От злости Эвелину всю аж трясло, только сил у неё было не больше, чем у котёнка. Она мечтала кинуться на Маджайру — расцарапать лицо или вцепиться в волосы, — но всё, что могла, это чуть чаще моргать и прожигать негодующим взглядом.

«Знаешь, что… Убирайся! Брось меня! Брось! Я теперь бесполезна, а значит не заслуживаю права жить!»

Опустив взгляд, Маджайра скорбно вздохнула над остатками каши в миске. Сваренная на воде полба, золотисто-коричневого цвета, без соли и масла, фруктов или орехов, на худой конец — кусочка сыра, вызывала судороги в животе и будила почти звериную жадность.

Кому как не ей было знать, что люди убивали друг друга за горсточку зёрен. А иногда заходили и дальше. От их липких и мерзких мыслей Маджайру бросало в ужас днём, а ночью...

Ночью ей снилось, как оголодавшие, опустившиеся до скотского состояния люди пробираются к ней в спальню, чтобы полакомиться человечиной.
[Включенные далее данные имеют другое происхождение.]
lemma zst_cons_merge_wd:
  "zst (cons_merge a (wd x)) (cons_merge b (wd y)) =
     cons_merge a (zst (wd x) (cons_merge b (wd y))) + cons_merge b (zst (cons_merge a (wd x)) (wd y))
     - cons_merge (zadd a b) (zst (wd x) (wd y))"
  by (cases x; cases y) (simp_all add: zprod_Cons_Cons merge_cons_poly zadd_ac algebra_simps)

lemma zst_cons_merge:
  assumes "finsupp P" "finsupp Q"
  shows "zst (cons_merge a P) (cons_merge b Q) =
     cons_merge a (zst P (cons_merge b Q)) + cons_merge b (zst (cons_merge a P) Q)
     - cons_merge (zadd a b) (zst P Q)"
  by (rule bil_map_eq[where F = "\<lambda>P Q. zst (cons_merge a P) (cons_merge b Q)"
        and G = "\<lambda>P Q. cons_merge a (zst P (cons_merge b Q)) + cons_merge b (zst (cons_merge a P) Q)
          - cons_merge (zadd a b) (zst P Q)"])
    (rule zst_cons_merge_wd | intro lin_map_intros fin_map_intros | simp add: assms)+

lemma contract_zst_bar_words:
  "contract 1 (zprod (-1) w v) = zst (contract_word 1 w) (contract_word 1 v)"
proof (induction "-1::rat" w v rule: zprod.induct)
  case (1 v)
  then show ?case by (simp add: bil_lin lin_wd_id)
next
  case (2 k s w)
  then show ?case by (simp add: bil_lin lin_wd_id del: contract_word_Cons)
next
  case (3 k s w l t v)
  let ?a = "(k, s)" and ?b = "(l, t)"
  have "contract 1 (zprod (-1) (?a # w) (?b # v)) =
      contract 1 (cons_poly ?a (zprod (-1) w (?b # v)))
      + contract 1 (cons_poly ?b (zprod (-1) (?a # w) v))
      - contract 1 (cons_poly (zadd ?a ?b) (zprod (-1) w v))"
    by (simp only: zprod_Cons_Cons smul_minus_one) (simp add: diff_conv_add_uminus[symmetric])
  also have "\<dots> = zst (contract_word 1 (?a # w)) (contract_word 1 (?b # v))"
    using 3 by (simp only: contract_cons_poly finsupp_zprod smul_one contract_word_Cons
        zst_cons_merge finsupp_contract_word)
  finally show ?case .
qed

lemma contract_zst_bar:
  assumes "finsupp P" "finsupp Q"
  shows "contract 1 (zst_bar P Q) = zst (contract 1 P) (contract 1 Q)"
  by (rule bil_map_eq[where F = "\<lambda>P Q. contract 1 (zst_bar P Q)"
        and G = "\<lambda>P Q. zst (contract 1 P) (contract 1 Q)"])
    (intro lin_map_intros fin_map_intros | simp add: assms contract_zst_bar_words)+

lemma zst_dot_cons_merge_wd:
  "zst_dot (cons_merge a (wd x)) (cons_merge b (wd y)) = cons_merge (zadd a b) (zst (wd x) (wd y))"
  by (cases x; cases y)
    (simp_all add: zprod_Cons_Cons zdot_Cons_Cons merge_cons_poly zadd_ac algebra_simps)

lemma zst_dot_cons_merge:
  assumes "finsupp P" "finsupp Q"
  shows "zst_dot (cons_merge a P) (cons_merge b Q) = cons_merge (zadd a b) (zst P Q)"
  by (rule bil_map_eq[where F = "\<lambda>P Q. zst_dot (cons_merge a P) (cons_merge b Q)"
        and G = "\<lambda>P Q. cons_merge (zadd a b) (zst P Q)"])
    (rule zst_dot_cons_merge_wd | intro lin_map_intros fin_map_intros | simp add: assms)+

lemma contract_zst_bar_dot_words:
  "contract 1 (zdot (-1) w v) = zst_dot (contract_word 1 w) (contract_word 1 v)"
proof (cases w)
  case Nil then show ?thesis by (simp add: bil_lin lin_wd_id)
next
  case (Cons a w')
  show ?thesis
  proof (cases v)
    case Nil then show ?thesis using Cons by (simp add: bil_lin lin_wd_id del: contract_word_Cons)
  next
    case (Cons b v')
    show ?thesis using \<open>w = a # w'\<close> Cons
      by (simp only: zdot_Cons_Cons contract_cons_poly finsupp_zprod smul_one contract_word_Cons
          zst_dot_cons_merge finsupp_contract_word contract_zst_bar_words)
  qed
qed

lemma contract_zst_bar_dot:
  assumes "finsupp P" "finsupp Q"
  shows "contract 1 (zst_bar_dot P Q) = zst_dot (contract 1 P) (contract 1 Q)"
  by (rule bil_map_eq[where F = "\<lambda>P Q. contract 1 (zst_bar_dot P Q)"
        and G = "\<lambda>P Q. zst_dot (contract 1 P) (contract 1 Q)"])
    (intro lin_map_intros fin_map_intros | simp add: assms contract_zst_bar_dot_words)+

section \<open>Coordinates: z-words and words of \<open>A\<^sup>1\<close>\<close>

definition valid_zword :: "(nat \<times> 'g) list \<Rightarrow> bool" where
  "valid_zword z \<longleftrightarrow> (\<forall>p\<in>set z. 1 \<le> fst p)"

definition ends_Y :: "'g letter list \<Rightarrow> bool" where
  "ends_Y u \<longleftrightarrow> u = [] \<or> (\<exists>s. last u = Y s)"

lemma valid_zword_simps [simp]:
  "valid_zword []" "valid_zword ((k, s) # z) \<longleftrightarrow> 1 \<le> k \<and> valid_zword z"
  by (auto simp: valid_zword_def)

lemma toW_simps [simp]: "toW [] = []" "toW ((k, s) # z) = replicate (k - 1) X @ Y s # toW z"
  by (auto simp: toW_def)

lemma parse_replicate_X: "parse k (replicate m X @ u) = parse (k + m) u"
  by (induction m arbitrary: k) auto

lemma parse_toW: "valid_zword z \<Longrightarrow> parse 1 (toW z) = z"
  by (induction z) (auto simp: parse_replicate_X)

lemma parse_Suc_0_toW [simp]: "valid_zword z \<Longrightarrow> parse (Suc 0) (toW z) = z"
  using parse_toW by simp

lemma toW_parse_aux:
  assumes "1 \<le> k" and "(u = [] \<and> k = 1) \<or> (u \<noteq> [] \<and> (\<exists>s. last u = Y s))"
  shows "toW (parse k u) = replicate (k - 1) X @ u"
  using assms
proof (induction u arbitrary: k)
  case (Cons a u)
  show ?case
  proof (cases a)
    case X
    then have "u \<noteq> [] \<and> (\<exists>s. last u = Y s)" using Cons.prems by (auto split: if_splits)
    then have "toW (parse (Suc k) u) = replicate k X @ u" using Cons.IH[of "Suc k"] by simp
    moreover have "replicate k X @ u = replicate (k - 1) X @ X # u"
      using Cons.prems by (cases k) (auto simp: replicate_app_Cons_same)
    ultimately show ?thesis using X by simp
  next
    case (Y s)
    have "toW (parse 1 u) = u"
      using Cons.prems Y Cons.IH[of 1] by (cases "u = []") auto
    then show ?thesis using Y by simp
  qed
qed simp

lemma toW_parse: "ends_Y u \<Longrightarrow> toW (parse 1 u) = u"
  using toW_parse_aux[of 1 u] by (auto simp: ends_Y_def)

lemma valid_zword_parse_aux: "1 \<le> k \<Longrightarrow> valid_zword (parse k u)"
  by (induction k u rule: parse.induct) auto

lemma valid_zword_parse: "valid_zword (parse 1 u)"
  by (simp add: valid_zword_parse_aux)
lemma log_ratio_small:
  assumes "0 < m"
  obtains \<delta> where "0 < \<delta>"
    "\<And>t x y. x \<in> S \<Longrightarrow> y \<in> S \<Longrightarrow> dist x y < \<delta> \<Longrightarrow> ln (u t x) - ln (u t y) \<le> m"
proof -
  define q where "q = \<alpha> * c * m / 2"
  have "0 < q"
    using \<alpha>_pos c_pos assms by (simp add: q_def)
  obtain \<delta>\<^sub>1 where "0 < \<delta>\<^sub>1"
    and \<delta>\<^sub>1: "\<forall>t. \<forall>x\<in>S. \<forall>y\<in>S. dist x y < \<delta>\<^sub>1 \<longrightarrow> \<bar>K t x - K t y\<bar> \<le> c * q / 2"
    using K_equicontinuous[of "c * q / 2"] \<open>0 < q\<close> c_pos by auto
  obtain \<delta>\<^sub>2 where "0 < \<delta>\<^sub>2" and \<delta>\<^sub>2: "\<And>t x y v. x \<in> S \<Longrightarrow> y \<in> S \<Longrightarrow> v \<in> {c..C} \<Longrightarrow>
      dist x y < \<delta>\<^sub>2 \<Longrightarrow> \<bar>f t x v - f t y v\<bar> \<le> q / 2"
    using f_equicontinuous_in_space[of "q / 2"] \<open>0 < q\<close> by auto
  have ln_deriv: "((\<lambda>s. ln (u s z)) has_real_derivative rhs t z / u t z) (at t)" if "z \<in> S" for t z
    using DERIV_chain2[OF DERIV_ln_divide[OF u_pos[OF that]] rhs_deriv[OF that]] by simp
  have ln_bound: "\<bar>ln (u t z)\<bar> \<le> \<bar>ln c\<bar> + \<bar>ln C\<bar>" if "z \<in> S" for t z
  proof -
    have "ln c \<le> ln (u t z)" "ln (u t z) \<le> ln C"
      using u_range[OF that, of t] c_pos by auto
    then show ?thesis
      by linarith
  qed
  show thesis
  proof (rule that[of "min \<delta>\<^sub>1 \<delta>\<^sub>2"])
    show "0 < min \<delta>\<^sub>1 \<delta>\<^sub>2"
      using \<open>0 < \<delta>\<^sub>1\<close> \<open>0 < \<delta>\<^sub>2\<close> by simp
    fix t x y
    assume x: "x \<in> S" and y: "y \<in> S" and close: "dist x y < min \<delta>\<^sub>1 \<delta>\<^sub>2"
    show "ln (u t x) - ln (u t y) \<le> m"
    proof (rule bounded_DERIV_neg_above_imp_le[where w = "\<lambda>s. ln (u s x) - ln (u s y)"
          and w' = "\<lambda>s. rhs s x / u s x - rhs s y / u s y" and B = "2 * (\<bar>ln c\<bar> + \<bar>ln C\<bar>)" and \<beta> = q])
      show "((\<lambda>s. ln (u s x) - ln (u s y)) has_real_derivative rhs s x / u s x - rhs s y / u s y) (at s)" for s
        using ln_deriv[OF x] ln_deriv[OF y] by (rule DERIV_diff)
      show "\<bar>ln (u s x) - ln (u s y)\<bar> \<le> 2 * (\<bar>ln c\<bar> + \<bar>ln C\<bar>)" for s
        using ln_bound[OF x, of s] ln_bound[OF y, of s] abs_triangle_ineq4[of "ln (u s x)" "ln (u s y)"]
        by simp
      show "0 < q"
        by fact
      show "rhs s x / u s x - rhs s y / u s y \<le> - q" if "m < ln (u s x) - ln (u s y)" for s
      proof -
        have "rhs s x / u s x - rhs s y / u s y \<le> (c * q / 2) / c + q / 2 - \<alpha> * c * m"
        proof (rule log_derivative_gap[OF x y _ _ _ that])
          show "0 \<le> m"
            using assms by simp
          show "\<bar>K s x - K s y\<bar> \<le> c * q / 2"
            using \<delta>\<^sub>1 x y close by simp
          show "\<bar>f s x (u s y) - f s y (u s y)\<bar> \<le> q / 2"
            using \<delta>\<^sub>2[OF x y u_range[OF y]] close by simp
        qed
        also have "\<dots> = - q"
          using c_pos by (simp add: q_def field_simps)
        finally show ?thesis .
      qed
    qed
  qed
qed

lemma u_equicontinuous_in_space:
  assumes "0 < \<epsilon>"
  shows "\<exists>\<delta>>0. \<forall>t. \<forall>x\<in>S. \<forall>y\<in>S. dist x y < \<delta> \<longrightarrow> dist (u t x) (u t y) \<le> \<epsilon>"
proof -
  obtain \<delta> where "0 < \<delta>" and \<delta>: "\<And>t x y. x \<in> S \<Longrightarrow> y \<in> S \<Longrightarrow> dist x y < \<delta> \<Longrightarrow> ln (u t x) - ln (u t y) \<le> \<epsilon> / C"
    using log_ratio_small[of "\<epsilon> / C"] assms C_pos by auto
  have one_sided: "u t x - u t y \<le> \<epsilon>" if "x \<in> S" "y \<in> S" "dist x y < \<delta>" for t x y
  proof (cases "u t y \<le> u t x")
    case True
    then have "u t x - u t y \<le> C * (\<epsilon> / C)"
      using u_pos[OF \<open>y \<in> S\<close>] u_range[OF \<open>x \<in> S\<close>] \<delta>[OF that] by (intro diff_le_of_ln_diff_le) auto
    with C_pos show ?thesis
      by simp
  next
    case False
    with assms show ?thesis
      by simp
  qed
  have "dist (u t x) (u t y) \<le> \<epsilon>" if "x \<in> S" "y \<in> S" "dist x y < \<delta>" for t x y
  proof -
    have "dist y x < \<delta>"
      using that(3) by (simp add: dist_commute)
    then show ?thesis
      using one_sided[OF that] one_sided[OF that(2,1)] by (simp add: dist_real_def abs_le_iff)
  qed
  with \<open>0 < \<delta>\<close> show ?thesis
    by auto
qed

lemma u_uniformly_continuous: "uniformly_continuous_on (UNIV \<times> S) (\<lambda>(t, x). u t x)"
proof (rule uniformly_continuous_on_TimesI)
  obtain L where "0 \<le> L" and L: "\<And>t x. x \<in> S \<Longrightarrow> \<bar>rhs t x\<bar> \<le> L"
    using rhs_bounded by auto
  fix e :: real
  assume "0 < e"
  have "dist (u s x) (u t x) \<le> e" if "x \<in> S" "dist s t < e / (L + 1)" for s t x
  proof -
    have "\<bar>u s x - u t x\<bar> \<le> L * \<bar>s - t\<bar>"
      using u_lipschitz_in_time[OF L \<open>x \<in> S\<close>] .
    also have "\<dots> \<le> (L + 1) * (e / (L + 1))"
      using that \<open>0 \<le> L\<close> by (intro mult_mono) (auto simp: dist_real_def)
    finally show ?thesis
      using \<open>0 \<le> L\<close> by (simp add: dist_real_def)
  qed
  then show "\<exists>d>0. \<forall>s\<in>UNIV. \<forall>t\<in>UNIV. \<forall>x\<in>S. dist s t < d \<longrightarrow>
      dist ((\<lambda>(t, x). u t x) (s, x)) ((\<lambda>(t, x). u t x) (t, x)) \<le> e"
    using \<open>0 < e\<close> \<open>0 \<le> L\<close> by (intro exI[of _ "e / (L + 1)"]) auto
next
  fix e :: real
  assume "0 < e"
  then show "\<exists>d>0. \<forall>t\<in>UNIV. \<forall>x\<in>S. \<forall>y\<in>S. dist x y < d \<longrightarrow>
      dist ((\<lambda>(t, x). u t x) (t, x)) ((\<lambda>(t, x). u t x) (t, y)) \<le> e"
    using u_equicontinuous_in_space by simp
qed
— Вы! — Маджайра перевела взгляд на девушек в углу. — Идите-ка сюда!

Их мысли озарились надеждой на еду, но быстро сменились настороженностью.

— Не бойтесь. Если бы я хотела вас убить, давно убила бы.

Девушки испуганно переглянулись. Страх боролся в них с голодом. Впрочем, победа была очевидна. Шурша лохмотьями, в которые превратились когда-то дорогие шелка, они несмело приблизились.

— Скормите ей ещё три ложки, и остатки можете доесть. Разрешаю. Но если съедите всё сами…

Маджайра недобро оскалилась — и, отшатнувшись, девушки отползли шагов на пять, но в угол не вернулись, продолжая с жадностью пялиться на миску в её руках.

Голод.

Здесь и сейчас он решал всё.

Поставив миску на пол, Маджайра отступила к двери. Она не верила «подругам», как верила им Эвелина, и опасалась, что если оставит девушек без присмотра, те натворят бед.

Однако они скормили Эвелине три ложки с горкой и разделили поровну между собой остатки, а после прижались друг к дружке, свернувшись под тонким шерстяным одеялом, чтобы сберечь ускользающее тепло — от голода и сквозняков многие замерзали насмерть.

На обогрев шло всё!

Большая часть мебели сгорела ещё зимой. Почти сразу, как в саду срубили последнее дерево. За ней сгинули в огне картины, оконные рамы и ставни, немногочисленная деревянная посуда, музыкальные инструменты, гребни и растащенные по досточке хозяйственные пристройки, опустевшие без скотины.

Маджайра закрыла за собой дверь и прислонилась к ней спиной.